Collected data entries:
(* Let $\ell\ge2$ and $k\ge0$ be integers, and let $\lambda$ be an $\ell$-core with $\lambda_1=k$. Write $\mathbf{a}=(a_1,\ldots,a_\ell)=\pi_\ell^{-1}(\lambda)$ and let $(k\bmod\ell)$ denote the unique integer in $\{1,\ldots,\ell\}$ congruent to $k$ modulo $\ell$. Then \[ a_{(k\bmod\ell)}=\left\lceil \frac{k}{\ell}\right\rceil, \] i.e. $\pi_\ell^{-1}(\lambda)$ lies in the affine hyperplane $H_\ell^k=\{\mathbf{a}\in\mathbf{R}^\ell:\sum_j a_j=0,\ a_{(k\bmod\ell)}=\lceil k/\ell\rceil\}$.
   Context: A partition is an $\ell$-core if none of its hook lengths is divisible by $\ell$ (the hook length of a box is the number of boxes weakly to its right in its row plus the number strictly below it in its column). For $\mathbf{a}\in\mathbf{Z}^\ell$ with $\sum a_j=0$, let $X(\mathbf{a})=\{r\ell+(j-1):1\le j\le\ell,\ r\in\mathbf{Z},\ r\le a_j\}$ and let $\pi_\ell(\mathbf{a})$ be the partition whose nonzero parts are the positive values of $\#\{y\in\mathbf{Z}\setminus X(\mathbf{a}):y<x\}$, $x\in X(\mathbf{a})$. It is known that $\pi_\ell$ is a bijection from $\{\mathbf{a}\in\mathbf{Z}^\ell:\sum a_j=0\}$ onto the set of $\ell$-cores. $\lambda_1$ is the largest part ($0$ for the empty partition). *)

theory Defs
  imports Complex_Main "HOL-Library.Multiset"
begin

definition is_partition :: "nat list \<Rightarrow> bool" where
  "is_partition lam \<longleftrightarrow> sorted_wrt (\<ge>) lam \<and> 0 \<notin> set lam"

definition largest_part :: "nat list \<Rightarrow> nat" where
  "largest_part lam = (if lam = [] then 0 else hd lam)"

definition col_len :: "nat list \<Rightarrow> nat \<Rightarrow> nat" where
  "col_len lam j = length (filter (\<lambda>p. j < p) lam)"

text \<open>Hook length of the box in row i, column j (both 0-indexed, j < lam!i):
  boxes weakly right in the row plus boxes strictly below in the column.\<close>
definition hook :: "nat list \<Rightarrow> nat \<Rightarrow> nat \<Rightarrow> nat" where
  "hook lam i j = (lam ! i - j) + (col_len lam j - Suc i)"

definition is_core :: "nat \<Rightarrow> nat list \<Rightarrow> bool" where
  "is_core l lam \<longleftrightarrow> is_partition lam \<and>
     (\<forall>i < length lam. \<forall>j < lam ! i. \<not> l dvd hook lam i j)"

text \<open>Vectors a in Z^l are functions indexed by 1..l.\<close>
definition Xset :: "nat \<Rightarrow> (nat \<Rightarrow> int) \<Rightarrow> int set" where
  "Xset l a = {r * int l + (int j - 1) | j r. 1 \<le> j \<and> j \<le> l \<and> r \<le> a j}"

definition gap_count :: "nat \<Rightarrow> (nat \<Rightarrow> int) \<Rightarrow> int \<Rightarrow> nat" where
  "gap_count l a x = card {y. y \<notin> Xset l a \<and> y < x}"

definition pi_ell :: "nat \<Rightarrow> (nat \<Rightarrow> int) \<Rightarrow> nat list" where
  "pi_ell l a = rev (sorted_list_of_multiset
     (image_mset (gap_count l a) (mset_set {x \<in> Xset l a. 0 < gap_count l a x})))"

definition mod1 :: "nat \<Rightarrow> nat \<Rightarrow> nat" where
  "mod1 k l = (if k mod l = 0 then l else k mod l)"

end

theory Submission
  imports Defs
begin

text \<open>The set \<open>X(a)\<close> has a greatest element \<open>M = a\<^sub>j \<ell> + j - 1\<close> and contains every integer
  below \<open>s \<ell>\<close>, where \<open>s = min a\<^sub>j\<close>. Gap counts are monotone, so the largest part of
  \<open>\<pi>\<^sub>\<ell>(a)\<close> is the number of gaps below \<open>M\<close>. The window \<open>[s \<ell>, M]\<close> contains
  \<open>\<Sum>\<^sub>j (a\<^sub>j - s + 1) = \<ell>(1 - s)\<close> elements of \<open>X(a)\<close> because \<open>\<Sum>\<^sub>j a\<^sub>j = 0\<close>, hence
  \<open>\<lambda>\<^sub>1 = M + 1 - \<ell> = (a\<^sub>j - 1) \<ell> + j\<close>, which gives \<open>j = (\<lambda>\<^sub>1 mod \<ell>)\<close> and
  \<open>a\<^sub>j = \<lceil>\<lambda>\<^sub>1/\<ell>\<rceil>\<close>.\<close>

lemma Xset_iff:
  assumes "l > 0"
  shows "x \<in> Xset l a \<longleftrightarrow> x div int l \<le> a (nat (x mod int l) + 1)"
proof
  assume "x \<in> Xset l a"
  then obtain j r where j: "1 \<le> j" "j \<le> l" "r \<le> a j" "x = r * int l + (int j - 1)"
    unfolding Xset_def by auto
  then have "x div int l = r" "x mod int l = int j - 1"
    using assms by simp_all
  with j show "x div int l \<le> a (nat (x mod int l) + 1)"
    by (simp add: nat_diff_distrib')
next
  assume le: "x div int l \<le> a (nat (x mod int l) + 1)"
  have "nat (x mod int l) < l"
    using assms by (simp add: nat_less_iff)
  moreover have "x = x div int l * int l + (int (nat (x mod int l) + 1) - 1)"
    using assms by simp
  ultimately show "x \<in> Xset l a"
    unfolding Xset_def using le
    by (intro CollectI exI[of _ "nat (x mod int l) + 1"] exI[of _ "x div int l"]) auto
qed

lemma Xset_greatest:
  assumes "l > 0"
  obtains j where "j \<in> {1..l}" "a j * int l + int j - 1 \<in> Xset l a"
    "\<And>x. x \<in> Xset l a \<Longrightarrow> x \<le> a j * int l + int j - 1"
proof -
  define f where "f j = a j * int l + int j - 1" for j
  have "Max (f ` {1..l}) \<in> f ` {1..l}"
    using assms by (intro Max_in) auto
  then obtain j where j: "j \<in> {1..l}" and max: "f j = Max (f ` {1..l})"
    by auto
  have "x \<le> f j" if "x \<in> Xset l a" for x
  proof -
    from that obtain i r where i: "i \<in> {1..l}" "r \<le> a i" "x = r * int l + (int i - 1)"
      unfolding Xset_def by auto
    have "r * int l \<le> a i * int l"
      using i by (intro mult_right_mono) simp_all
    then have "x \<le> f i"
      using i unfolding f_def by linarith
    also have "f i \<le> f j"
      unfolding max using i by simp
    finally show ?thesis .
  qed
  moreover have "f j \<in> Xset l a"
    using j unfolding Xset_def f_def by auto
  ultimately show ?thesis
    using that j unfolding f_def by blast
qed

lemma Xset_lower:
  assumes "l > 0" and lower: "\<forall>j\<in>{1..l}. s \<le> a j" and "y < s * int l"
  shows "y \<in> Xset l a"
proof -
  define j where "j = nat (y mod int l) + 1"
  have "nat (y mod int l) < l"
    using assms(1) by (simp add: nat_less_iff)
  then have "j \<in> {1..l}"
    unfolding j_def by simp
  then have "s \<le> a j"
    using lower by blast
  moreover have "y div int l * int l < s * int l"
    using assms(3) div_mult_mod_eq[of y "int l"] pos_mod_sign[of "int l" y] assms(1)
    by linarith
  then have "y div int l < s"
    using assms(1) by simp
  ultimately show ?thesis
    unfolding Xset_iff[OF assms(1)] j_def by simp
qed

lemma Xset_Int_atLeast:
  assumes "l > 0"
  shows "Xset l a \<inter> {s * int l..} = (\<Union>j\<in>{1..l}. (\<lambda>r. r * int l + (int j - 1)) ` {s..a j})"
proof (intro equalityI subsetI)
  fix x assume "x \<in> Xset l a \<inter> {s * int l..}"
  then obtain j r where j: "j \<in> {1..l}" "r \<le> a j" "x = r * int l + (int j - 1)"
    and "s * int l \<le> x"
    unfolding Xset_def by auto
  then have "s * int l < (r + 1) * int l"
    by (simp add: algebra_simps)
  then have "s \<le> r"
    using assms(1) by (simp add: mult_less_cancel_right)
  with j show "x \<in> (\<Union>j\<in>{1..l}. (\<lambda>r. r * int l + (int j - 1)) ` {s..a j})"
    by (intro UN_I[of j] image_eqI[of _ _ r]) auto
next
  fix x assume "x \<in> (\<Union>j\<in>{1..l}. (\<lambda>r. r * int l + (int j - 1)) ` {s..a j})"
  then obtain j r where j: "j \<in> {1..l}" "s \<le> r" "r \<le> a j" "x = r * int l + (int j - 1)"
    by auto
  have "s * int l \<le> r * int l"
    using j(2) by (intro mult_right_mono) simp_all
  moreover have "1 \<le> int j"
    using j(1) by simp
  ultimately have "s * int l \<le> x"
    using j(4) by linarith
  moreover have "x \<in> Xset l a"
    using j unfolding Xset_def by auto
  ultimately show "x \<in> Xset l a \<inter> {s * int l..}"
    by simp
qed

lemma card_Xset_Int_atLeast:
  assumes "l > 0" and lower: "\<forall>j\<in>{1..l}. s \<le> a j"
  shows "int (card (Xset l a \<inter> {s * int l..})) = (\<Sum>j = 1..l. a j - s + 1)"
proof -
  define h where "h j r = r * int l + (int j - 1)" for j r
  have inj: "inj_on (h j) A" for j A
    unfolding h_def inj_on_def using assms(1) by auto
  have disjoint: "h i ` {s..a i} \<inter> h j ` {s..a j} = {}"
    if "i \<in> {1..l}" "j \<in> {1..l}" "i \<noteq> j" for i j
  proof (rule ccontr)
    assume "h i ` {s..a i} \<inter> h j ` {s..a j} \<noteq> {}"
    then obtain r r' where "h i r = h j r'"
      by auto
    then have "h i r mod int l = h j r' mod int l"
      by simp
    with that show False
      unfolding h_def by simp
  qed
  have union: "Xset l a \<inter> {s * int l..} = (\<Union>j\<in>{1..l}. h j ` {s..a j})"
    using Xset_Int_atLeast[OF assms(1)] by (simp add: h_def)
  have "card (Xset l a \<inter> {s * int l..}) = (\<Sum>j = 1..l. card (h j ` {s..a j}))"
    unfolding union by (rule card_UN_disjoint) (use disjoint in auto)
  also have "\<dots> = (\<Sum>j = 1..l. nat (a j - s + 1))"
    by (simp add: card_image[OF inj])
  finally have "int (card (Xset l a \<inter> {s * int l..})) = (\<Sum>j = 1..l. int (nat (a j - s + 1)))"
    by simp
  also have "\<dots> = (\<Sum>j = 1..l. a j - s + 1)"
    using lower by (intro sum.cong) auto
  finally show ?thesis .
qed

lemma gap_count_eq_card_diff:
  assumes "l > 0" and "\<forall>j\<in>{1..l}. s \<le> a j"
  shows "gap_count l a x = card ({s * int l..<x} - Xset l a)"
proof -
  have "{y. y \<notin> Xset l a \<and> y < x} = {s * int l..<x} - Xset l a"
    using Xset_lower[OF assms] by (auto simp: not_less[symmetric])
  then show ?thesis
    unfolding gap_count_def by simp
qed

lemma ex_lower_bound_atLeastAtMost:
  fixes a :: "nat \<Rightarrow> int"
  obtains s where "\<forall>j\<in>{1..l}. s \<le> a j"
  using Min_le[of "a ` {1..l}"] by blast

lemma gap_count_mono:
  assumes "l > 0" and "x \<le> x'"
  shows "gap_count l a x \<le> gap_count l a x'"
proof -
  obtain s where lower: "\<forall>j\<in>{1..l}. s \<le> a j"
    using ex_lower_bound_atLeastAtMost[of l a] by blast
  show ?thesis
    unfolding gap_count_eq_card_diff[OF assms(1) lower]
    using assms(2) by (intro card_mono) auto
qed

lemma gap_count_eq_0:
  assumes "l > 0" and "\<forall>j\<in>{1..l}. s \<le> a j" and "x \<le> s * int l"
  shows "gap_count l a x = 0"
  unfolding gap_count_eq_card_diff[OF assms(1,2)] using assms(3) by simp

lemma gap_count_greatest:
  assumes "l > 0" and sum0: "(\<Sum>j = 1..l. a j) = 0"
    and M: "M \<in> Xset l a" "\<And>x. x \<in> Xset l a \<Longrightarrow> x \<le> M"
  shows "int (gap_count l a M) = M + 1 - int l"
proof -
  obtain s where lower: "\<forall>j\<in>{1..l}. s \<le> a j"
    using ex_lower_bound_atLeastAtMost[of l a] by blast
  define W where "W = Xset l a \<inter> {s * int l..}"
  have "a 1 * int l \<in> Xset l a"
    using assms(1) unfolding Xset_def by (intro CollectI exI[of _ 1] exI[of _ "a 1"]) simp
  then have "a 1 * int l \<le> M"
    by (rule M(2))
  moreover have "s * int l \<le> a 1 * int l"
    using lower assms(1) by (intro mult_right_mono) auto
  ultimately have "s * int l \<le> M"
    by linarith
  then have "M \<in> W" "W - {M} \<subseteq> {s * int l..<M}" and finW: "finite W"
    using M unfolding W_def by (auto intro: finite_subset[of _ "{s * int l..M}"] antisym)
  moreover have "{s * int l..<M} - Xset l a = {s * int l..<M} - (W - {M})"
    unfolding W_def by auto
  ultimately have "gap_count l a M = card {s * int l..<M} - (card W - 1)"
    unfolding gap_count_eq_card_diff[OF assms(1) lower]
    by (simp add: card_Diff_subset)
  moreover have "card W - 1 \<le> card {s * int l..<M}"
    using \<open>M \<in> W\<close> \<open>W - {M} \<subseteq> _\<close> finW card_mono[of "{s * int l..<M}" "W - {M}"] by simp
  moreover have "int (card W) = int l * (1 - s)"
    using card_Xset_Int_atLeast[OF assms(1) lower] sum0
    unfolding W_def by (simp add: sum.distrib sum_subtractf algebra_simps)
  moreover have "card W \<ge> 1"
    using \<open>M \<in> W\<close> finW by (metis One_nat_def Suc_leI card_gt_0_iff empty_iff)
  ultimately show ?thesis
    using \<open>s * int l \<le> M\<close> by (simp add: of_nat_diff algebra_simps)
qed

lemma sorted_le_last: "sorted ys \<Longrightarrow> y \<in> set ys \<Longrightarrow> y \<le> last ys"
  by (induction ys) (auto simp: last_in_set)

lemma largest_part_pi_ell:
  assumes "l > 0" and M: "M \<in> Xset l a" "\<And>x. x \<in> Xset l a \<Longrightarrow> x \<le> M"
  shows "largest_part (pi_ell l a) = gap_count l a M"
proof -
  define g where "g = gap_count l a"
  define S where "S = {x \<in> Xset l a. 0 < g x}"
  define ys where "ys = sorted_list_of_multiset (image_mset g (mset_set S))"
  obtain s where lower: "\<forall>j\<in>{1..l}. s \<le> a j"
    using ex_lower_bound_atLeastAtMost[of l a] by blast
  have "S \<subseteq> {s * int l..M}"
  proof
    fix x assume "x \<in> S"
    then have "x \<in> Xset l a" "\<not> x \<le> s * int l"
      using gap_count_eq_0[OF assms(1) lower] unfolding S_def g_def by auto
    then show "x \<in> {s * int l..M}"
      using M(2) by simp
  qed
  then have set_ys: "set ys = g ` S"
    unfolding ys_def by (simp add: finite_subset)
  have ys_le: "y \<le> g M" if "y \<in> set ys" for y
    using that M(2) gap_count_mono[OF assms(1)] unfolding set_ys S_def g_def by auto
  have "largest_part (rev ys) = g M"
  proof (cases "ys = []")
    case True
    then have "g M = 0"
      using set_ys M(1) unfolding S_def by auto
    with True show ?thesis
      unfolding largest_part_def by simp
  next
    case False
    have "g M \<le> last ys"
      using M(1) set_ys sorted_le_last[of ys "g M"] unfolding S_def ys_def
      by (cases "g M = 0") auto
    with False ys_le[of "last ys"] show ?thesis
      unfolding largest_part_def by (simp add: hd_rev)
  qed
  then show ?thesis
    unfolding pi_ell_def ys_def S_def g_def gap_count_def by simp
qed

lemma mod1_eq:
  assumes "j \<in> {1..l}" and "int k = c * int l + int j"
  shows "mod1 k l = j"
proof -
  have "int (k mod l) = int j mod int l"
    using assms(2) by (simp add: zmod_int)
  with assms(1) show ?thesis
    unfolding mod1_def by (cases "j = l") auto
qed

lemma ceiling_divide_eq:
  assumes "j \<in> {1..l}" and "int k = c * int l + int j"
  shows "\<lceil>real k / real l\<rceil> = c + 1"
proof -
  have "real k = of_int c * real l + real j"
    using arg_cong[OF assms(2), of real_of_int] by simp
  then have "real k / real l = real j / real l + of_int c"
    using assms(1) by (simp add: field_simps)
  moreover have "\<lceil>real j / real l\<rceil> = 1"
    using assms(1) by (simp add: ceiling_eq_iff field_simps)
  ultimately show ?thesis
    by simp
qed

theorem mainTheorem8:
  fixes l k :: nat and lam :: "nat list" and a :: "nat \<Rightarrow> int"
  assumes "l \<ge> 2"
    and "is_core l lam"
    and "largest_part lam = k"
    and "(\<Sum>j = 1..l. a j) = 0"
    and "pi_ell l a = lam"
  shows "a (mod1 k l) = \<lceil>real k / real l\<rceil>"
proof -
  have "l > 0"
    using assms(1) by simp
  then obtain j where j: "j \<in> {1..l}" and M: "a j * int l + int j - 1 \<in> Xset l a"
    "\<And>x. x \<in> Xset l a \<Longrightarrow> x \<le> a j * int l + int j - 1"
    using Xset_greatest[OF \<open>l > 0\<close>, where a = a] by metis
  have "k = gap_count l a (a j * int l + int j - 1)"
    using largest_part_pi_ell[OF \<open>l > 0\<close> M] assms(3,5) by simp
  then have "int k = (a j - 1) * int l + int j"
    using gap_count_greatest[OF \<open>l > 0\<close> assms(4) M] by (simp add: algebra_simps)
  then show ?thesis
    using mod1_eq[OF j] ceiling_divide_eq[OF j] by (metis diff_add_cancel)
qed

end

YOUR INSTRUCTIONS:
Taking the entries above, write out exactly the lines starting with the line containing "unfolding pi_ell_def ys_def" and going on through the line containing "using assms(2) by (simp add: zmod_int)", both included, and nothing else.

SOLVED EXERCISE:
    unfolding pi_ell_def ys_def S_def g_def gap_count_def by simp
qed

lemma mod1_eq:
  assumes "j \<in> {1..l}" and "int k = c * int l + int j"
  shows "mod1 k l = j"
proof -
  have "int (k mod l) = int j mod int l"
    using assms(2) by (simp add: zmod_int)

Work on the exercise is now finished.